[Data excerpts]
<<<<
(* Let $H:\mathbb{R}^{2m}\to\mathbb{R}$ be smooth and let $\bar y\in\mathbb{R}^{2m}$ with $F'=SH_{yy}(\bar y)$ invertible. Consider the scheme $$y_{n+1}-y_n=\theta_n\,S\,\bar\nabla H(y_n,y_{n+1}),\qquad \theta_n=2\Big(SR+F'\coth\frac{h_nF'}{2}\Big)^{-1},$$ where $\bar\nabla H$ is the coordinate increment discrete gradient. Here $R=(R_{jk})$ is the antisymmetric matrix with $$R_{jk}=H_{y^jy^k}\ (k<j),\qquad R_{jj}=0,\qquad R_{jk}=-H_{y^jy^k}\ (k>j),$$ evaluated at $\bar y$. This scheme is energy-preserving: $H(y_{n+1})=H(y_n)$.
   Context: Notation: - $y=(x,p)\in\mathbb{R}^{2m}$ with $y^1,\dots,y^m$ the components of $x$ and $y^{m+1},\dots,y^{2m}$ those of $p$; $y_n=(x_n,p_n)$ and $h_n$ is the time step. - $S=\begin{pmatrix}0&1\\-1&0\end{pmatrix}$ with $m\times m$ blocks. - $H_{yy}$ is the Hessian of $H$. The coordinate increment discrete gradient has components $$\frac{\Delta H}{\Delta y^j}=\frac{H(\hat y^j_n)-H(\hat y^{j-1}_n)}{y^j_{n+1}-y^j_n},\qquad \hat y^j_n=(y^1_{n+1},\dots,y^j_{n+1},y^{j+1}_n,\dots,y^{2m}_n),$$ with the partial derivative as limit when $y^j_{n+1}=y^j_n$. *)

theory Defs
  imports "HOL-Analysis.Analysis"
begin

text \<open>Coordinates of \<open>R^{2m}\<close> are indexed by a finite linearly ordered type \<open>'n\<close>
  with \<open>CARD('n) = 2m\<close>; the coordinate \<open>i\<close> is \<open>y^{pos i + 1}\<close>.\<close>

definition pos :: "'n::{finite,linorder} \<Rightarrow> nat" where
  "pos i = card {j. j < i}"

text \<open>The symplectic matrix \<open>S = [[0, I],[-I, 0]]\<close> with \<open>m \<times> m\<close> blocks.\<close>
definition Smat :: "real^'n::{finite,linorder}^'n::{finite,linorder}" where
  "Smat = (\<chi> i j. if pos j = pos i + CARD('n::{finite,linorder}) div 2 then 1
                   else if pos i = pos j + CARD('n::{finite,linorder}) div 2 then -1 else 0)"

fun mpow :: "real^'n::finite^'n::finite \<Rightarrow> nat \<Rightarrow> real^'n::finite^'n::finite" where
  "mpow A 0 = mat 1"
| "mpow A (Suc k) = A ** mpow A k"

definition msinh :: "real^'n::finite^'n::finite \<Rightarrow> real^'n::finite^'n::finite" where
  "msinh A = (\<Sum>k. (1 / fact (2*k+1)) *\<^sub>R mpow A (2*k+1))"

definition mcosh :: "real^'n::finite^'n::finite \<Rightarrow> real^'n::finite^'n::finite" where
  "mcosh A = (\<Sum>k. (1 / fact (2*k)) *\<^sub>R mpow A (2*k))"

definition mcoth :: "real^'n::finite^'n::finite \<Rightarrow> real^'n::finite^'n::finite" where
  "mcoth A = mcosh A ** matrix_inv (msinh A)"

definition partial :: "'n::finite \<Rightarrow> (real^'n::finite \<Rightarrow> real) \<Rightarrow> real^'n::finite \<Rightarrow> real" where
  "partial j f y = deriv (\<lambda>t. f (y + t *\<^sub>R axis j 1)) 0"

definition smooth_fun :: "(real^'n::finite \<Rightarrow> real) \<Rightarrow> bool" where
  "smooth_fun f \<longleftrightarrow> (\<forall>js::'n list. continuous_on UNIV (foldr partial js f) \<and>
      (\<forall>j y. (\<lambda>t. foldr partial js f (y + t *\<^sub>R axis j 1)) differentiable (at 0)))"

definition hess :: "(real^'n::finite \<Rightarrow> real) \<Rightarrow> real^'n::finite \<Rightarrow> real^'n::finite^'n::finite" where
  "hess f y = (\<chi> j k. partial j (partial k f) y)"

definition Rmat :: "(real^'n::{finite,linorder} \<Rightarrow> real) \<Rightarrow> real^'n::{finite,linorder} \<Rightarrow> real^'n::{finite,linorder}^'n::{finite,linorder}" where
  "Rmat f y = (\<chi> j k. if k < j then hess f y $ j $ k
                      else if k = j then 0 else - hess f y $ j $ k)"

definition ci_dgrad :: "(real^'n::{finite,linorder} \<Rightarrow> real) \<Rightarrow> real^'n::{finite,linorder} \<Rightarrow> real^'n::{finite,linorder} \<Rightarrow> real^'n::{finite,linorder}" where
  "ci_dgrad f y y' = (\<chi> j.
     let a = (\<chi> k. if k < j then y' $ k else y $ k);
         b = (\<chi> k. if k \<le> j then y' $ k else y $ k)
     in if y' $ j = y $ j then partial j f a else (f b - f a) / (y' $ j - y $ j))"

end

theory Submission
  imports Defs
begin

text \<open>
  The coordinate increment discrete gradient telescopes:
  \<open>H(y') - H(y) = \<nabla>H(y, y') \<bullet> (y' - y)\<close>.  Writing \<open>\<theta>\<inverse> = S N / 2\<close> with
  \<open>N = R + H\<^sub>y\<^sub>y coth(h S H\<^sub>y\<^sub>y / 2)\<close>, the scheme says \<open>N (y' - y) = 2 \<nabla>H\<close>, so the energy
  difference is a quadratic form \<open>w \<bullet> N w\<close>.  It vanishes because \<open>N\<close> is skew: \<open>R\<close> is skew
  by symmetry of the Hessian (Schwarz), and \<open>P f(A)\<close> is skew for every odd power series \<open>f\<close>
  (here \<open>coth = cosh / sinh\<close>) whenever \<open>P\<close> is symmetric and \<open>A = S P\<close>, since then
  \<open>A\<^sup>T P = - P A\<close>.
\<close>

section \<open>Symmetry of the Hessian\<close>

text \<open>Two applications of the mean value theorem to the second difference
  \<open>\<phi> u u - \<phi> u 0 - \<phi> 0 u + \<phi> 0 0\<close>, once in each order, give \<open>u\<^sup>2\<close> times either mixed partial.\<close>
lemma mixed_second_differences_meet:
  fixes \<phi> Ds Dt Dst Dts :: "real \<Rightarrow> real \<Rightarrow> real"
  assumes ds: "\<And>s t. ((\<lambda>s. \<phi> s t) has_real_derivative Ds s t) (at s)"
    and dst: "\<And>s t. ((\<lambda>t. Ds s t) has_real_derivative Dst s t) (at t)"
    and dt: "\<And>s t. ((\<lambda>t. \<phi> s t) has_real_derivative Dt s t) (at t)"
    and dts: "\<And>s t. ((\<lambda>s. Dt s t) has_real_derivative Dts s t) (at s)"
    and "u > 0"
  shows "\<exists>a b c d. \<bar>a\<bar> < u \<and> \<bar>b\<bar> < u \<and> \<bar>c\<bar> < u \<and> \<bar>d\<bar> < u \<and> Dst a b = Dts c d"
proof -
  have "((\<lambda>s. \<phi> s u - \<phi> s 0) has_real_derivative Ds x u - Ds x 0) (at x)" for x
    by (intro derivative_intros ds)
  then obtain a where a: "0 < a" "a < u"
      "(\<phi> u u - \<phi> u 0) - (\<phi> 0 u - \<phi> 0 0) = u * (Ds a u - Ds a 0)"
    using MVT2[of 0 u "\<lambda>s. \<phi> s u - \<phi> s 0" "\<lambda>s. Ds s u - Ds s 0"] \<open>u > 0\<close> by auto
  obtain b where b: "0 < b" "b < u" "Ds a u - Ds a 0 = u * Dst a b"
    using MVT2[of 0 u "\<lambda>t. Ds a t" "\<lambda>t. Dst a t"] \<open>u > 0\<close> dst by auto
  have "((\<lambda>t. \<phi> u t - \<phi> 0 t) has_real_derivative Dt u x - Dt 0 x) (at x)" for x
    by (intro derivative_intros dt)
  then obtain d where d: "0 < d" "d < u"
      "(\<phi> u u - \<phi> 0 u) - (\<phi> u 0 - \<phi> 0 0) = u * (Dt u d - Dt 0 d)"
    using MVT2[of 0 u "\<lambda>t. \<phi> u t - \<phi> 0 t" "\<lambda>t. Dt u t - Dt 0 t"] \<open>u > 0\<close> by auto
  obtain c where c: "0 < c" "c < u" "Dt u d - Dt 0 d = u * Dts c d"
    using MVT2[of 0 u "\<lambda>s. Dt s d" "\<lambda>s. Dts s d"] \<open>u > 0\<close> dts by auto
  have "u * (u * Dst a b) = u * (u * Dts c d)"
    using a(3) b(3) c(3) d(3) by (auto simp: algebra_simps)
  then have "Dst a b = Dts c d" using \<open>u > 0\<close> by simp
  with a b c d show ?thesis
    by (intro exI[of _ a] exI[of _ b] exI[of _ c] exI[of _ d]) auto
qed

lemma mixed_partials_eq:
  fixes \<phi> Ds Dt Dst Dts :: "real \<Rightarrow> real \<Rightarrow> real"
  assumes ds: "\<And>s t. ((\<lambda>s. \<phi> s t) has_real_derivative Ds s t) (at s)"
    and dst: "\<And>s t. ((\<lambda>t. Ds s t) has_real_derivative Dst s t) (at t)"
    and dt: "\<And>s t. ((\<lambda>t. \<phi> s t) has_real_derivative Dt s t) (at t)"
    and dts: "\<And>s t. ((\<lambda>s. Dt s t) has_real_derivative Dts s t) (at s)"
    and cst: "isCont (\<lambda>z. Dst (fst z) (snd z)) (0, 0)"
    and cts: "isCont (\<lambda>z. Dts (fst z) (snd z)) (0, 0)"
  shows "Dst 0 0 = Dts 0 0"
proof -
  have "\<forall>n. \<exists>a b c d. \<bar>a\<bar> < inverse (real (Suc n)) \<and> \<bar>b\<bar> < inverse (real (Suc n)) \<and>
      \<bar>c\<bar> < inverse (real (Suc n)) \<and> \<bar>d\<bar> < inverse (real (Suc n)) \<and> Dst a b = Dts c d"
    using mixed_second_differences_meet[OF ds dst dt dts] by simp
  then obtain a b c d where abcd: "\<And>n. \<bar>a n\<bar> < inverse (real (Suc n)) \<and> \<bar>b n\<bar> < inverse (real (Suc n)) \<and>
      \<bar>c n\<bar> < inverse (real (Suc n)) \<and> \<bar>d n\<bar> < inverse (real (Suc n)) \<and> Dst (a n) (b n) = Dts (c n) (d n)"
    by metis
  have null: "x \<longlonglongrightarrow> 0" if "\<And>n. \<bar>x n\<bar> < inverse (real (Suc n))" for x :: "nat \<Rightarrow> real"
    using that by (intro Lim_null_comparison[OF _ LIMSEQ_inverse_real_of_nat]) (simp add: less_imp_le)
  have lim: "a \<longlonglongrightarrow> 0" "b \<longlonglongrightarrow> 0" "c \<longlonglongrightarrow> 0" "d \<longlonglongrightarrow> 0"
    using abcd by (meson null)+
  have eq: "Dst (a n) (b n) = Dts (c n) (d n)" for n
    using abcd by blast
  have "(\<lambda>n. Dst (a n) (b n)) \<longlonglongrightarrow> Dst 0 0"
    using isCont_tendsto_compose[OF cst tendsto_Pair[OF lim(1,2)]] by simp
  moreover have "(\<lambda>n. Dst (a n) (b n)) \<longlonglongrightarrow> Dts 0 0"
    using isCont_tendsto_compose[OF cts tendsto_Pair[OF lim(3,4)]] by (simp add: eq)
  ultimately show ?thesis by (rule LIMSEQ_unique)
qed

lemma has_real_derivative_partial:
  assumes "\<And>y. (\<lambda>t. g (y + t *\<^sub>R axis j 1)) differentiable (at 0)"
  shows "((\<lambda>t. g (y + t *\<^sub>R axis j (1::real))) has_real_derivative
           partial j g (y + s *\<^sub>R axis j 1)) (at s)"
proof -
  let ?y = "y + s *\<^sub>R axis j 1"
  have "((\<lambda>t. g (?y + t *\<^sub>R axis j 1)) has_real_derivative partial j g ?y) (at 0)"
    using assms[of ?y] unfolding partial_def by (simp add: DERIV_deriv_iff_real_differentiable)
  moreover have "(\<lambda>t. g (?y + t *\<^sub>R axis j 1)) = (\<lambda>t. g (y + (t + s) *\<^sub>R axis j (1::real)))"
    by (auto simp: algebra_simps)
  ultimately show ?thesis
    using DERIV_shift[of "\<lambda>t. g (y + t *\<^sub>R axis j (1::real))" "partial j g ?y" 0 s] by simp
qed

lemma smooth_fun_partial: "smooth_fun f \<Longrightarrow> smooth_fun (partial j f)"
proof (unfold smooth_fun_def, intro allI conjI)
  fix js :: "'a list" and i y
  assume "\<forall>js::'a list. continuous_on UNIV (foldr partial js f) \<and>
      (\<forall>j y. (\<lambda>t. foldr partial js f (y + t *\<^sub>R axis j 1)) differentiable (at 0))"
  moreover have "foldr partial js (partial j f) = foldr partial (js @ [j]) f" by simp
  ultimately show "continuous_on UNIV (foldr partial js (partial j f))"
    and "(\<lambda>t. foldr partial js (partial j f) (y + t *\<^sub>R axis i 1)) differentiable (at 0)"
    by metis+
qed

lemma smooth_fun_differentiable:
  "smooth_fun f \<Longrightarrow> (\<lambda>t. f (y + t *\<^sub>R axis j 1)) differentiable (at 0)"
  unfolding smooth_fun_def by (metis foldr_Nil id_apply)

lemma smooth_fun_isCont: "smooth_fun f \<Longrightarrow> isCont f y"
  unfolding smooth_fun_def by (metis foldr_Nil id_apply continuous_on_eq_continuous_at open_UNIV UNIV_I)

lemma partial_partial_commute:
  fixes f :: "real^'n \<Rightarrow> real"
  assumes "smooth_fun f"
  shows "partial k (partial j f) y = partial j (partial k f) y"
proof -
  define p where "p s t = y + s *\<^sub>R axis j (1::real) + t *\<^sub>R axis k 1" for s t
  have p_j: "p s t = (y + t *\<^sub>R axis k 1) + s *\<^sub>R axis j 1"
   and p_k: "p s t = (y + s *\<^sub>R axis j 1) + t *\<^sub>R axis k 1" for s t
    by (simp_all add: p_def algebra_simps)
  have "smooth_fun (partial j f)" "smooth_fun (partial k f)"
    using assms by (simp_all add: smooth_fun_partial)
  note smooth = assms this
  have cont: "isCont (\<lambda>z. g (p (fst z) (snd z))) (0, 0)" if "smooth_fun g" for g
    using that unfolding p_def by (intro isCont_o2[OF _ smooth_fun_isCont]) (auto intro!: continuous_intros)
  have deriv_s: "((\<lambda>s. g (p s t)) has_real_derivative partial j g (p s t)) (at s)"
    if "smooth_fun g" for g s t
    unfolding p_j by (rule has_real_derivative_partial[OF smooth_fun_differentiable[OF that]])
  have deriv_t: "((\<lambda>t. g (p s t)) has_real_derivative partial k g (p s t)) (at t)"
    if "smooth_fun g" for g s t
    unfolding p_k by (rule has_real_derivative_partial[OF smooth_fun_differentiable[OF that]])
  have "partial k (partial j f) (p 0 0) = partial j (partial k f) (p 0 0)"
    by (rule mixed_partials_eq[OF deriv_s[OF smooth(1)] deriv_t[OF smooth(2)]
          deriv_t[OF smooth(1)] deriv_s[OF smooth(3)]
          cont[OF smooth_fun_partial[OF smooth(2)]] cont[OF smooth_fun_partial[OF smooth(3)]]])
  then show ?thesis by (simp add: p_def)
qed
>>>>
Aim of the exercise
Which of the lines above hold the string "assumes"? Pick each of them out.

Task response
  assumes ds: "\<And>s t. ((\<lambda>s. \<phi> s t) has_real_derivative Ds s t) (at s)"
  assumes ds: "\<And>s t. ((\<lambda>s. \<phi> s t) has_real_derivative Ds s t) (at s)"
  assumes "\<And>y. (\<lambda>t. g (y + t *\<^sub>R axis j 1)) differentiable (at 0)"
  assumes "smooth_fun f"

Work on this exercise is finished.